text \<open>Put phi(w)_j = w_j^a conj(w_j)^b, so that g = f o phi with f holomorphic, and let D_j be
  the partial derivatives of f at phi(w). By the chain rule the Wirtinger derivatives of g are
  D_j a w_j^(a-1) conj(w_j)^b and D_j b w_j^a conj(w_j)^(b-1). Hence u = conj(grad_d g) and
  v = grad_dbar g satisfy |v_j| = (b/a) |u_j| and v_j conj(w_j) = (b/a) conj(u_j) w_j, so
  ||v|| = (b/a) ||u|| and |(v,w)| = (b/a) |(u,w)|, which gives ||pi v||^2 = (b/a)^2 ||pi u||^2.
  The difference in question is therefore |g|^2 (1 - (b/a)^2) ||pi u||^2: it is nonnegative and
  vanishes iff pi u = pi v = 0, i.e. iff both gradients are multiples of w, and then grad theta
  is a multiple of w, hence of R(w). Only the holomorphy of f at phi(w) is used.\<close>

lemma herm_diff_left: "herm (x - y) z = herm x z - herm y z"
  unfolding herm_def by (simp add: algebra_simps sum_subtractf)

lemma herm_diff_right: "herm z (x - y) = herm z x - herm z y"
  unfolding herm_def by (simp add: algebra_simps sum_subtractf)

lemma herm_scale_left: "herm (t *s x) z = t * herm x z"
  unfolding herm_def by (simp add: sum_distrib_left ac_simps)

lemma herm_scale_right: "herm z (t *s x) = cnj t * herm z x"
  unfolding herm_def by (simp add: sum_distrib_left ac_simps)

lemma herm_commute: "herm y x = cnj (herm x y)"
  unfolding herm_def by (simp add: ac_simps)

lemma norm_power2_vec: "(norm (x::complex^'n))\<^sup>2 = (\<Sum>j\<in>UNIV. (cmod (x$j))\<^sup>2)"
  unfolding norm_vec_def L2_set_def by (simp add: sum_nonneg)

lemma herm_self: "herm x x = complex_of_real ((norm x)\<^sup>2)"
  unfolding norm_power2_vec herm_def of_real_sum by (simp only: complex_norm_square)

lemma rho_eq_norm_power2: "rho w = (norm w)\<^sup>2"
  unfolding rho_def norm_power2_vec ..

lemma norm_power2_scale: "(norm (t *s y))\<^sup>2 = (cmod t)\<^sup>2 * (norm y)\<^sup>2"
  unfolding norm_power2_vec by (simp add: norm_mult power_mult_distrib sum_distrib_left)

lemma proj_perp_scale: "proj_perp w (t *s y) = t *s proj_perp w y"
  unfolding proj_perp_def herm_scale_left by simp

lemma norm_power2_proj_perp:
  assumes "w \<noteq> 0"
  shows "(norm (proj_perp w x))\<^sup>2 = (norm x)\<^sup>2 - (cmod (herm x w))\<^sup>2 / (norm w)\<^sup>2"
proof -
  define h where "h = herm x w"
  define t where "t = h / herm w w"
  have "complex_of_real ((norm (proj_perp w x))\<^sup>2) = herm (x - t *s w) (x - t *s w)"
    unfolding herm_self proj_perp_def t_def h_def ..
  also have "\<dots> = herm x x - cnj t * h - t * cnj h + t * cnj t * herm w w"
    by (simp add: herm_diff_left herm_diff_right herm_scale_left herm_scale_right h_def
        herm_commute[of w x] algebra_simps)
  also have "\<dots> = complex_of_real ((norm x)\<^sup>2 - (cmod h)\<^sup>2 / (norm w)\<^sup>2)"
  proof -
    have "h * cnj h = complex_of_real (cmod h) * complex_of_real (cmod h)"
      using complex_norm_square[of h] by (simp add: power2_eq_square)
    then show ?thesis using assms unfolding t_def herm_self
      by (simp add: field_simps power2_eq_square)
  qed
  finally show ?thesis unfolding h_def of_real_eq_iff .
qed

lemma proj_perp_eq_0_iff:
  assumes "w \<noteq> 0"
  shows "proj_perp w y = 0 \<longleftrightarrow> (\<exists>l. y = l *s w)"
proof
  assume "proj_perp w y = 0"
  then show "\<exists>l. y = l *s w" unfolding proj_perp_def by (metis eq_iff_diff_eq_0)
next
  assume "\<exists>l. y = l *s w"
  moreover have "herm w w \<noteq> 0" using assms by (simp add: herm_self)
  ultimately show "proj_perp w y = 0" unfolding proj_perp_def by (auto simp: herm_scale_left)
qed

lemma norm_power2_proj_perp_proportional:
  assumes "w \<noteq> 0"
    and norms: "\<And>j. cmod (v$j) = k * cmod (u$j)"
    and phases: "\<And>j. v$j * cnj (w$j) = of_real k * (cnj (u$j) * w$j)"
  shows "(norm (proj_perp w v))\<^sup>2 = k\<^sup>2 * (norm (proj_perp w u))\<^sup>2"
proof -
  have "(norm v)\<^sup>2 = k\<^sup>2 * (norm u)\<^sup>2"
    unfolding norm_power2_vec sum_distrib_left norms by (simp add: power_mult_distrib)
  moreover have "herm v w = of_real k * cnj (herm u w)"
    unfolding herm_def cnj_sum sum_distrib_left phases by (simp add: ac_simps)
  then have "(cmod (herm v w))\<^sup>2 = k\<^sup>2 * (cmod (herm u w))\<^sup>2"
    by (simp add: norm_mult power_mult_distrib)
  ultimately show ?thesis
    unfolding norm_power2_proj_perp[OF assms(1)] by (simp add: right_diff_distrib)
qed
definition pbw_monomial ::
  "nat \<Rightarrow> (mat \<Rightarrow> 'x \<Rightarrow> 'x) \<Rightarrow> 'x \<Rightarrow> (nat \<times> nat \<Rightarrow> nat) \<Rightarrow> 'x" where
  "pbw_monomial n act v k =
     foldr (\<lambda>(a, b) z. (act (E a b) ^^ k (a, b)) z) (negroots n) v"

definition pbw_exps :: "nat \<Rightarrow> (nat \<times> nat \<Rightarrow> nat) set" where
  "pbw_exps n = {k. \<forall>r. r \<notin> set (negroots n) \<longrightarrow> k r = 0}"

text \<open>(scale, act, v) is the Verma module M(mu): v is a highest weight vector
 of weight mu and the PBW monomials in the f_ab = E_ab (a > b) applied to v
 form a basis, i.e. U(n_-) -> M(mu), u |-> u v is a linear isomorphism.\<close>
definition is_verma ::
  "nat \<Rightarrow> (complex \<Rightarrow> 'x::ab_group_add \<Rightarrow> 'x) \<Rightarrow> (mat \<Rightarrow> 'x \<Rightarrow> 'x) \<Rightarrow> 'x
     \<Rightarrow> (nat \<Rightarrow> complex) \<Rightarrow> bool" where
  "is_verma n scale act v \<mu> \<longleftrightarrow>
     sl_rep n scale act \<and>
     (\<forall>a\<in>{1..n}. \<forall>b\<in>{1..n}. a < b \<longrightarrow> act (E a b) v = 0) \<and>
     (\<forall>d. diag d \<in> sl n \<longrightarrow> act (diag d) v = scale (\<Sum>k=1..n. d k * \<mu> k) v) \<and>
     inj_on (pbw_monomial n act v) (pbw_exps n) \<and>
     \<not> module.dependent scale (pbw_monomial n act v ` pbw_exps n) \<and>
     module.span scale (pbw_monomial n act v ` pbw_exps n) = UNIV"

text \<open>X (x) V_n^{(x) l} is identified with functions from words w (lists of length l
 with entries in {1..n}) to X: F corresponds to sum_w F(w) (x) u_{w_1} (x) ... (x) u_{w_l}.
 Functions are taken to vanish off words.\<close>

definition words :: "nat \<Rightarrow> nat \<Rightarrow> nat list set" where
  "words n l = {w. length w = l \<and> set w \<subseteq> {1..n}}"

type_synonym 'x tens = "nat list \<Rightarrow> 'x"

> [Exercise instructions]
The answer must be exactly the lines from the one containing "of weight mu" through the final line of the data, both ends included, and nothing else.

> [Written reply]
 of weight mu and the PBW monomials in the f_ab = E_ab (a > b) applied to v
 form a basis, i.e. U(n_-) -> M(mu), u |-> u v is a linear isomorphism.\<close>
definition is_verma ::
  "nat \<Rightarrow> (complex \<Rightarrow> 'x::ab_group_add \<Rightarrow> 'x) \<Rightarrow> (mat \<Rightarrow> 'x \<Rightarrow> 'x) \<Rightarrow> 'x
     \<Rightarrow> (nat \<Rightarrow> complex) \<Rightarrow> bool" where
  "is_verma n scale act v \<mu> \<longleftrightarrow>
     sl_rep n scale act \<and>
     (\<forall>a\<in>{1..n}. \<forall>b\<in>{1..n}. a < b \<longrightarrow> act (E a b) v = 0) \<and>
     (\<forall>d. diag d \<in> sl n \<longrightarrow> act (diag d) v = scale (\<Sum>k=1..n. d k * \<mu> k) v) \<and>
     inj_on (pbw_monomial n act v) (pbw_exps n) \<and>
     \<not> module.dependent scale (pbw_monomial n act v ` pbw_exps n) \<and>
     module.span scale (pbw_monomial n act v ` pbw_exps n) = UNIV"

text \<open>X (x) V_n^{(x) l} is identified with functions from words w (lists of length l
 with entries in {1..n}) to X: F corresponds to sum_w F(w) (x) u_{w_1} (x) ... (x) u_{w_l}.
 Functions are taken to vanish off words.\<close>

definition words :: "nat \<Rightarrow> nat \<Rightarrow> nat list set" where
  "words n l = {w. length w = l \<and> set w \<subseteq> {1..n}}"

type_synonym 'x tens = "nat list \<Rightarrow> 'x"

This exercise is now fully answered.